* Exercise directions *
Only the lines from the beginning of the data below through the line containing "using quantale unfolding quantale_def by (simp" belong in the response, each copied exactly.

Stored data:
definition psi_seq :: "('x \<Rightarrow> 'x \<Rightarrow> 'v::complete_lattice) \<Rightarrow> (nat \<Rightarrow> 'x) \<Rightarrow> 'x \<Rightarrow> 'v" where
  "psi_seq a s x = (SUP N. INF n\<in>{N..}. a x (s n))"

definition vclosure :: "('v::complete_lattice \<Rightarrow> 'v \<Rightarrow> 'v) \<Rightarrow> 'v \<Rightarrow> 'x set \<Rightarrow> ('x \<Rightarrow> 'x \<Rightarrow> 'v) \<Rightarrow> 'x set \<Rightarrow> 'x set" where
  "vclosure t k X a M = {x\<in>X. k \<le> (SUP y\<in>M. t (a x y) (a y x))}"

definition converges_to :: "('v::complete_lattice \<Rightarrow> 'v \<Rightarrow> 'v) \<Rightarrow> 'v \<Rightarrow> 'x set \<Rightarrow> ('x \<Rightarrow> 'x \<Rightarrow> 'v) \<Rightarrow> (nat \<Rightarrow> 'x) \<Rightarrow> 'x \<Rightarrow> bool" where
  "converges_to t k X a s x \<longleftrightarrow> (\<forall>M. infinite M \<longrightarrow> x \<in> vclosure t k X a (s ` M))"

end

theory Submission
  imports Defs "HOL-Library.Infinite_Set"
begin

text \<open>Because k = \<top>, an element totally below \<top> lies below \<open>\<phi> y \<otimes> \<psi> y\<close> for some y.
  Choosing such points s n for the increasing sequence u n, which approximates \<top> from below,
  gives u n \<le> \<phi> (s n) and u n \<le> \<psi> (s n); the adjunction inequality \<open>\<psi> x \<otimes> \<phi> y \<le> a x y\<close>
  then makes s Cauchy and forces \<open>\<phi> = \<phi>\<^sub>s\<close>, \<open>\<psi> = \<psi>\<^sub>s\<close>. Conversely \<open>\<phi>\<^sub>s \<stileturn> \<psi>\<^sub>s\<close> for every
  Cauchy sequence s, and \<open>\<phi>\<^sub>s = x\<^sub>*\<close> holds exactly when s converges to x.\<close>

lemma psi_seq_eq_phi_seq_dual: "psi_seq a s = phi_seq (\<lambda>x y. a y x) s"
  unfolding psi_seq_def phi_seq_def ..

locale integral_quantale =
  fixes t :: "'v::complete_lattice \<Rightarrow> 'v \<Rightarrow> 'v"
  assumes quantale: "quantale t top"
begin

lemma tensor_commute: "t u v = t v u"
  using quantale unfolding quantale_def by blast

lemma tensor_top_left [simp]: "t top v = v"
  using quantale unfolding quantale_def by blast

lemma tensor_top_right [simp]: "t v top = v"
  using tensor_commute tensor_top_left by metis

lemma tensor_SUP_right: "t u (SUP i\<in>I. f i) = (SUP i\<in>I. t u (f i))"
  using quantale unfolding quantale_def by (simp add: image_image)

lemma tensor_SUP_left: "t (SUP i\<in>I. f i) v = (SUP i\<in>I. t (f i) v)"
  using tensor_SUP_right[of v f I] tensor_commute by simp

lemma tensor_mono_right:
  assumes "v \<le> w" shows "t u v \<le> t u w"
proof -
  have "t u w = sup (t u v) (t u w)"
    using tensor_SUP_right[of u id "{v, w}"] assms by (simp add: sup_absorb2)
  then show ?thesis by (simp add: le_iff_sup)
qed

lemma tensor_mono: "u \<le> u' \<Longrightarrow> v \<le> v' \<Longrightarrow> t u v \<le> t u' v'"
  by (metis tensor_mono_right tensor_commute order_trans)

lemma tensor_le_left: "t u v \<le> u"
  using tensor_mono_right[of v top u] by simp

lemma tensor_le_right: "t u v \<le> v"
  using tensor_le_left tensor_commute by metis

lemma SUP_tensor_self_eq_top:
  fixes c :: "nat \<Rightarrow> 'v"
  assumes "mono c" and "(SUP n. c n) = top"
  shows "(SUP n. t (c n) (c n)) = top"
proof -
  have "top = t (SUP n. c n) (SUP m. c m)"
    using assms(2) by simp
  also have "\<dots> = (SUP n. SUP m. t (c n) (c m))"
    by (simp only: tensor_SUP_left) (simp only: tensor_SUP_right)
  also have "\<dots> \<le> (SUP n. t (c n) (c n))"
  proof (intro SUP_least)
    fix n m
    have "t (c n) (c m) \<le> t (c (max n m)) (c (max n m))"
      by (intro tensor_mono monoD[OF assms(1)]) simp_all
    also have "\<dots> \<le> (SUP n. t (c n) (c n))" by (rule SUP_upper) simp
    finally show "t (c n) (c m) \<le> (SUP n. t (c n) (c n))" .
  qed
  finally show ?thesis by (simp add: top_le)
qed


lemma approximating_point:
  assumes "adjoint t top X a phi psi" and "totally_below w top"
  obtains y where "y \<in> X" "w \<le> phi y" "w \<le> psi y"
proof -
  have "top \<le> Sup ((\<lambda>y. t (phi y) (psi y)) ` X)"
    using assms(1) unfolding adjoint_def by blast
  then obtain y where "y \<in> X" "w \<le> t (phi y) (psi y)"
    using assms(2) unfolding totally_below_def by blast
  then show ?thesis
    using that tensor_le_left tensor_le_right order_trans by metis
qed

lemma is_cauchy_of_approximating:
  assumes "mono u" and "(SUP n. u n) = top"
    and phi: "\<And>n. u n \<le> phi (s n)" and psi: "\<And>n. u n \<le> psi (s n)"
    and adj: "\<And>m n. t (psi (s m)) (phi (s n)) \<le> a (s m) (s n)"
  shows "is_cauchy top a s"
  unfolding is_cauchy_def cauchy_val_def
proof -
  have "top = (SUP N. t (u N) (u N))"
    using SUP_tensor_self_eq_top[OF assms(1,2)] by simp
  also have "\<dots> \<le> (SUP N. INF p\<in>{(n, m). N \<le> n \<and> N \<le> m}. a (s (fst p)) (s (snd p)))"
  proof (intro SUP_mono' INF_greatest)
    fix N :: nat and p assume "p \<in> {(n, m). N \<le> n \<and> N \<le> m}"
    then obtain n m where p: "p = (n, m)" "N \<le> n" "N \<le> m" by auto
    have "t (u N) (u N) \<le> t (psi (s n)) (phi (s m))"
      using tensor_mono monoD[OF assms(1)] p phi psi order_trans by metis
    also have "\<dots> \<le> a (s n) (s m)" by (rule adj)
    finally show "t (u N) (u N) \<le> a (s (fst p)) (s (snd p))" using p by simp
  qed
  finally show "top \<le> (SUP N. INF p\<in>{(n, m). N \<le> n \<and> N \<le> m}. a (s (fst p)) (s (snd p)))" .
qed

lemma phi_seq_eq_of_approximating:
  assumes "mono u" and u_top: "(SUP n. u n) = top"
    and phi: "\<And>n. u n \<le> phi (s n)" and psi: "\<And>n. u n \<le> psi (s n)"
    and adj: "\<And>n. t (psi (s n)) (phi x) \<le> a (s n) x"
    and module: "\<And>n. t (phi (s n)) (a (s n) x) \<le> phi x"
  shows "phi_seq a s x = phi x"
proof (rule antisym)
  show "phi_seq a s x \<le> phi x" unfolding phi_seq_def
  proof (rule SUP_least)
    fix N
    let ?c = "INF n\<in>{N..}. a (s n) x"
    have "?c = (SUP m. t (u m) ?c)"
      using u_top tensor_SUP_left[of u UNIV ?c] by simp
    also have "\<dots> \<le> phi x"
    proof (rule SUP_least)
      fix m
      have "u m \<le> phi (s (max m N))"
        using order_trans[OF monoD[OF assms(1), of m "max m N"] phi] by simp
      then have "t (u m) ?c \<le> t (phi (s (max m N))) (a (s (max m N)) x)"
        by (intro tensor_mono INF_lower) simp_all
      also have "\<dots> \<le> phi x" by (rule module)
      finally show "t (u m) ?c \<le> phi x" .
    qed
    finally show "?c \<le> phi x" .
  qed
  have "phi x = (SUP N. t (u N) (phi x))"
    using u_top tensor_SUP_left[of u UNIV "phi x"] by simp
  also have "\<dots> \<le> phi_seq a s x" unfolding phi_seq_def
  proof (intro SUP_mono' INF_greatest)
    fix N n :: nat assume "n \<in> {N..}"
    then have "u N \<le> psi (s n)"
      using monoD[OF assms(1)] psi order_trans by fastforce
    then have "t (u N) (phi x) \<le> t (psi (s n)) (phi x)" by (rule tensor_mono) simp
    also have "\<dots> \<le> a (s n) x" by (rule adj)
    finally show "t (u N) (phi x) \<le> a (s n) x" .
  qed
  finally show "phi x \<le> phi_seq a s x" .
qed
text \<open>This is the unfolding of: some subhypergraph of H is a Berge copy of C_k
  (for k = 2, C_2 is the double edge between two vertices).\<close>
definition has_berge_cycle :: "'a set set \<Rightarrow> nat \<Rightarrow> bool" where
  "has_berge_cycle H k \<longleftrightarrow>
     (\<exists>v :: nat \<Rightarrow> 'a. \<exists>e :: nat \<Rightarrow> 'a set.
        inj_on v {..<k} \<and> inj_on e {..<k} \<and>
        (\<forall>i<k. e i \<in> H \<and> v i \<in> e i \<and> v ((i + 1) mod k) \<in> e i))"

definition girth_ge_5 :: "'a set set \<Rightarrow> bool" where
  "girth_ge_5 H \<longleftrightarrow> (\<forall>k\<in>{2,3,4}. \<not> has_berge_cycle H k)"

end

theory Submission
  imports Defs "HOL-Analysis.Convex"
begin

(* The shadow graph of an r-uniform hypergraph of girth at least 5 determines the hypergraph
   (its edges are the r-cliques of the shadow), and in the shadow adjacent vertices have at most r
   and non-adjacent vertices at most one common neighbour.  So it suffices to count graphs with
   these codegree conditions.  Delete a vertex v of minimum degree delta: its neighbourhood is an
   independent set in the auxiliary graph of "cherries" (pairs joined by a path of length two but
   not by an edge) of the remaining graph.  A supersaturation count makes this auxiliary graph
   dense on every large vertex set, so the graph container method leaves only exp(O(sqrt n))
   choices for the neighbourhood.  Induction on the number of vertices gives exp(O(n^(3/2))). *)

section \<open>Berge cycles and the shadow graph\<close>

lemma has_berge_cycleI:
  assumes "length vs = k" "length es = k" "distinct vs" "distinct es" "set es \<subseteq> H"
    and "\<And>i. i < k \<Longrightarrow> vs ! i \<in> es ! i \<and> vs ! ((i + 1) mod k) \<in> es ! i"
  shows "has_berge_cycle H k"
  unfolding has_berge_cycle_def
proof (intro exI conjI allI impI)
  show "inj_on ((!) vs) {..<k}" "inj_on ((!) es) {..<k}"
    using assms(1-4) by (auto simp: inj_on_def nth_eq_iff_index_eq)
  fix i assume "i < k"
  then show "es ! i \<in> H" "vs ! i \<in> es ! i" "vs ! ((i + 1) mod k) \<in> es ! i"
    using assms(2,5,6) nth_mem[of i es] by auto
qed

lemma girth_ge_5_edges_eq:
  assumes "girth_ge_5 H" "e \<in> H" "f \<in> H" "x \<noteq> y" "x \<in> e" "y \<in> e" "x \<in> f" "y \<in> f"
  shows "e = f"
proof (rule ccontr)
  assume "e \<noteq> f"
  then have "has_berge_cycle H 2"
    using assms by (intro has_berge_cycleI[of "[x, y]" _ "[e, f]"]) (auto simp: less_2_cases_iff)
  with assms(1) show False unfolding girth_ge_5_def by auto
qed

lemma girth_ge_5_no_berge_triangle:
  assumes "girth_ge_5 H" "distinct [x, y, z]" "distinct [e1, e2, e3]" "{e1, e2, e3} \<subseteq> H"
    "{x, y} \<subseteq> e1" "{y, z} \<subseteq> e2" "{z, x} \<subseteq> e3"
  shows False
proof -
  have "has_berge_cycle H 3"
  proof (rule has_berge_cycleI[of "[x, y, z]" _ "[e1, e2, e3]"])
    fix i :: nat assume "i < 3"
    then consider "i = 0" | "i = 1" | "i = 2" by linarith
    then show "[x, y, z] ! i \<in> [e1, e2, e3] ! i \<and> [x, y, z] ! ((i + 1) mod 3) \<in> [e1, e2, e3] ! i"
      by cases (use assms in auto)
  qed (use assms in auto)
  with assms(1) show False unfolding girth_ge_5_def by auto
qed

lemma girth_ge_5_no_berge_quadrilateral:
  assumes "girth_ge_5 H" "distinct [x, y, z, w]" "distinct [e1, e2, e3, e4]" "{e1, e2, e3, e4} \<subseteq> H"
    "{x, y} \<subseteq> e1" "{y, z} \<subseteq> e2" "{z, w} \<subseteq> e3" "{w, x} \<subseteq> e4"
  shows False
proof -
  have "has_berge_cycle H 4"
  proof (rule has_berge_cycleI[of "[x, y, z, w]" _ "[e1, e2, e3, e4]"])
    fix i :: nat assume "i < 4"
    then consider "i = 0" | "i = 1" | "i = 2" | "i = 3" by linarith
    then show "[x, y, z, w] ! i \<in> [e1, e2, e3, e4] ! i \<and>
        [x, y, z, w] ! ((i + 1) mod 4) \<in> [e1, e2, e3, e4] ! i"
      by cases (use assms in auto)
  qed (use assms in auto)
  with assms(1) show False unfolding girth_ge_5_def by auto
qed

definition shadow :: "'a set set \<Rightarrow> 'a set set" where
  "shadow H = {p. card p = 2 \<and> (\<exists>e\<in>H. p \<subseteq> e)}"

definition nbhd :: "'a set set \<Rightarrow> 'a \<Rightarrow> 'a set" where
  "nbhd E x = {y. {x, y} \<in> E}"

lemma nbhd_sym: "y \<in> nbhd E x \<longleftrightarrow> x \<in> nbhd E y"
  unfolding nbhd_def by (simp add: insert_commute)

lemma doubleton_in_shadow_iff: "{x, y} \<in> shadow H \<longleftrightarrow> x \<noteq> y \<and> (\<exists>e\<in>H. x \<in> e \<and> y \<in> e)"
  unfolding shadow_def by (cases "x = y") auto

lemma mem_nbhd_shadow_iff: "y \<in> nbhd (shadow H) x \<longleftrightarrow> x \<noteq> y \<and> (\<exists>e\<in>H. x \<in> e \<and> y \<in> e)"
  unfolding nbhd_def by (simp add: doubleton_in_shadow_iff)

lemma girth_ge_5_shadow_triangle:
  assumes g: "girth_ge_5 H" and "distinct [x, y, z]"
    and "{x, y} \<in> shadow H" "{y, z} \<in> shadow H" "{z, x} \<in> shadow H"
  obtains e where "e \<in> H" "{x, y, z} \<subseteq> e"
proof -
  obtain e1 e2 e3 where e: "{e1, e2, e3} \<subseteq> H" "{x, y} \<subseteq> e1" "{y, z} \<subseteq> e2" "{z, x} \<subseteq> e3"
    using assms(3-5) by (auto simp: doubleton_in_shadow_iff)
  have "e1 = e2 \<or> e1 = e3 \<or> e2 = e3"
    using girth_ge_5_no_berge_triangle[OF g assms(2) _ e] by auto
  then consider "{x, y, z} \<subseteq> e1" | "{x, y, z} \<subseteq> e2" using e by auto
  then show thesis using that e(1) by (metis insert_subset)
qed

lemma girth_ge_5_shadow_codegree_adjacent:
  assumes g: "girth_ge_5 H" and u: "uniform r H" and xy: "{x, y} \<in> shadow H"
  shows "card (nbhd (shadow H) x \<inter> nbhd (shadow H) y) \<le> r"
proof -
  obtain e where e: "e \<in> H" "x \<in> e" "y \<in> e" and "x \<noteq> y"
    using xy by (auto simp: doubleton_in_shadow_iff)
  have "nbhd (shadow H) x \<inter> nbhd (shadow H) y \<subseteq> e"
  proof
    fix z assume z: "z \<in> nbhd (shadow H) x \<inter> nbhd (shadow H) y"
    then have "distinct [x, y, z]" "{y, z} \<in> shadow H" "{z, x} \<in> shadow H"
      using \<open>x \<noteq> y\<close> by (auto simp: mem_nbhd_shadow_iff doubleton_in_shadow_iff)
    then obtain f where "f \<in> H" "{x, y, z} \<subseteq> f"
      using girth_ge_5_shadow_triangle[OF g _ xy] by blast
    then show "z \<in> e" using girth_ge_5_edges_eq[OF g e(1), of f x y] e \<open>x \<noteq> y\<close> by auto
  qed
  moreover have "finite e" "card e = r" using u e unfolding uniform_def by auto
  ultimately show ?thesis by (metis card_mono)
qed

text \<open>Two common neighbours of x and y would close a Berge 4-cycle; the degenerate cases, where
  two of its edges coincide, put x and y into a common edge.\<close>
lemma girth_ge_5_shadow_codegree_nonadjacent:
  assumes g: "girth_ge_5 H" and "x \<noteq> y" and xy: "{x, y} \<notin> shadow H"
  shows "card (nbhd (shadow H) x \<inter> nbhd (shadow H) y) \<le> 1"
proof -
  have no_edge: "\<not> (x \<in> e \<and> y \<in> e)" if "e \<in> H" for e
    using xy \<open>x \<noteq> y\<close> that by (auto simp: doubleton_in_shadow_iff)
  have "z = z'" if z: "z \<in> nbhd (shadow H) x \<inter> nbhd (shadow H) y"
    and z': "z' \<in> nbhd (shadow H) x \<inter> nbhd (shadow H) y" for z z'
  proof (rule ccontr)
    assume "z \<noteq> z'"
    then have d: "distinct [x, z, y, z']" using z z' \<open>x \<noteq> y\<close> by (auto simp: mem_nbhd_shadow_iff)
    obtain e1 e2 e3 e4 where e: "{e1, e2, e3, e4} \<subseteq> H"
      "{x, z} \<subseteq> e1" "{z, y} \<subseteq> e2" "{y, z'} \<subseteq> e3" "{z', x} \<subseteq> e4"
      using z z' by (auto simp: mem_nbhd_shadow_iff)
    have "e1 \<noteq> e2" "e1 \<noteq> e3" "e2 \<noteq> e4" "e3 \<noteq> e4" using e no_edge by auto
    moreover have False if "e1 = e4"
    proof -
      have "{z, y} \<in> shadow H" "{y, z'} \<in> shadow H" "{z', z} \<in> shadow H"
        using e that d by (auto simp: doubleton_in_shadow_iff)
      then obtain f where "f \<in> H" "{z, y, z'} \<subseteq> f"
        using girth_ge_5_shadow_triangle[OF g, of z y z'] d by auto
      moreover have "f = e1"
        using girth_ge_5_edges_eq[OF g, of f e1 z z'] calculation e that d by auto
      ultimately show False using no_edge e by auto
    qed
    moreover have False if "e2 = e3"
    proof -
      have "{z, x} \<in> shadow H" "{x, z'} \<in> shadow H" "{z', z} \<in> shadow H"
        using e that d by (auto simp: doubleton_in_shadow_iff)
      then obtain f where "f \<in> H" "{z, x, z'} \<subseteq> f"
        using girth_ge_5_shadow_triangle[OF g, of z x z'] d by auto
      moreover have "f = e2"
        using girth_ge_5_edges_eq[OF g, of f e2 z z'] calculation e that d by auto
      ultimately show False using no_edge e by auto
    qed
    ultimately show False using girth_ge_5_no_berge_quadrilateral[OF g d _ e] by auto
  qed
  then show ?thesis
    by (cases "finite (nbhd (shadow H) x \<inter> nbhd (shadow H) y)") (auto simp: card_le_Suc0_iff_eq)
qed

lemma girth_ge_5_eq_shadow_cliques:
  assumes g: "girth_ge_5 H" and u: "uniform r H" and r: "r \<ge> 2"
  shows "H = {e. finite e \<and> card e = r \<and> (\<forall>x\<in>e. \<forall>y\<in>e. x \<noteq> y \<longrightarrow> {x, y} \<in> shadow H)}"
proof (intro equalityI subsetI)
  fix e assume "e \<in> H"
  then show "e \<in> {e. finite e \<and> card e = r \<and> (\<forall>x\<in>e. \<forall>y\<in>e. x \<noteq> y \<longrightarrow> {x, y} \<in> shadow H)}"
    using u unfolding uniform_def by (auto simp: doubleton_in_shadow_iff)
next
  fix e assume "e \<in> {e. finite e \<and> card e = r \<and> (\<forall>x\<in>e. \<forall>y\<in>e. x \<noteq> y \<longrightarrow> {x, y} \<in> shadow H)}"
  then have e: "finite e" "card e = r" "\<And>x y. x \<in> e \<Longrightarrow> y \<in> e \<Longrightarrow> x \<noteq> y \<Longrightarrow> {x, y} \<in> shadow H"
    by auto
  have "\<not> card e \<le> Suc 0" using e(2) r by simp
  then obtain x y where xy: "x \<in> e" "y \<in> e" "x \<noteq> y"
    using card_le_Suc0_iff_eq[OF e(1)] by blast
  obtain f where f: "f \<in> H" "x \<in> f" "y \<in> f" using e(3)[OF xy] by (auto simp: doubleton_in_shadow_iff)
  have "e \<subseteq> f"
  proof
    fix z assume z: "z \<in> e"
    show "z \<in> f"
    proof (cases "z = x \<or> z = y")
      case False
      then obtain h where "h \<in> H" "{x, y, z} \<subseteq> h"
        using girth_ge_5_shadow_triangle[OF g, of x y z] e(3) xy z by auto
      moreover have "h = f" using girth_ge_5_edges_eq[OF g, of h f x y] calculation f xy by auto
      ultimately show ?thesis by auto
    qed (use f in auto)
  qed
  moreover have "finite f" "card f = r" using u f unfolding uniform_def by auto
  ultimately show "e \<in> H" using e f by (metis card_subset_eq)
qed

lemma inj_on_shadow:
  fixes r :: nat
  assumes "r \<ge> 2"
  shows "inj_on shadow {H. uniform r H \<and> girth_ge_5 H}"
proof (rule inj_onI)
  fix H1 H2 :: "'a set set"
  assume "H1 \<in> {H. uniform r H \<and> girth_ge_5 H}" "H2 \<in> {H. uniform r H \<and> girth_ge_5 H}"
    and "shadow H1 = shadow H2"
  then show "H1 = H2"
    using girth_ge_5_eq_shadow_cliques[OF _ _ assms, of H1] girth_ge_5_eq_shadow_cliques[OF _ _ assms, of H2]
    by (simp only: mem_Collect_eq)
qed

* Response area *
definition psi_seq :: "('x \<Rightarrow> 'x \<Rightarrow> 'v::complete_lattice) \<Rightarrow> (nat \<Rightarrow> 'x) \<Rightarrow> 'x \<Rightarrow> 'v" where
  "psi_seq a s x = (SUP N. INF n\<in>{N..}. a x (s n))"

definition vclosure :: "('v::complete_lattice \<Rightarrow> 'v \<Rightarrow> 'v) \<Rightarrow> 'v \<Rightarrow> 'x set \<Rightarrow> ('x \<Rightarrow> 'x \<Rightarrow> 'v) \<Rightarrow> 'x set \<Rightarrow> 'x set" where
  "vclosure t k X a M = {x\<in>X. k \<le> (SUP y\<in>M. t (a x y) (a y x))}"

definition converges_to :: "('v::complete_lattice \<Rightarrow> 'v \<Rightarrow> 'v) \<Rightarrow> 'v \<Rightarrow> 'x set \<Rightarrow> ('x \<Rightarrow> 'x \<Rightarrow> 'v) \<Rightarrow> (nat \<Rightarrow> 'x) \<Rightarrow> 'x \<Rightarrow> bool" where
  "converges_to t k X a s x \<longleftrightarrow> (\<forall>M. infinite M \<longrightarrow> x \<in> vclosure t k X a (s ` M))"

end

theory Submission
  imports Defs "HOL-Library.Infinite_Set"
begin

text \<open>Because k = \<top>, an element totally below \<top> lies below \<open>\<phi> y \<otimes> \<psi> y\<close> for some y.
  Choosing such points s n for the increasing sequence u n, which approximates \<top> from below,
  gives u n \<le> \<phi> (s n) and u n \<le> \<psi> (s n); the adjunction inequality \<open>\<psi> x \<otimes> \<phi> y \<le> a x y\<close>
  then makes s Cauchy and forces \<open>\<phi> = \<phi>\<^sub>s\<close>, \<open>\<psi> = \<psi>\<^sub>s\<close>. Conversely \<open>\<phi>\<^sub>s \<stileturn> \<psi>\<^sub>s\<close> for every
  Cauchy sequence s, and \<open>\<phi>\<^sub>s = x\<^sub>*\<close> holds exactly when s converges to x.\<close>

lemma psi_seq_eq_phi_seq_dual: "psi_seq a s = phi_seq (\<lambda>x y. a y x) s"
  unfolding psi_seq_def phi_seq_def ..

locale integral_quantale =
  fixes t :: "'v::complete_lattice \<Rightarrow> 'v \<Rightarrow> 'v"
  assumes quantale: "quantale t top"
begin

lemma tensor_commute: "t u v = t v u"
  using quantale unfolding quantale_def by blast

lemma tensor_top_left [simp]: "t top v = v"
  using quantale unfolding quantale_def by blast

lemma tensor_top_right [simp]: "t v top = v"
  using tensor_commute tensor_top_left by metis

lemma tensor_SUP_right: "t u (SUP i\<in>I. f i) = (SUP i\<in>I. t u (f i))"
  using quantale unfolding quantale_def by (simp add: image_image)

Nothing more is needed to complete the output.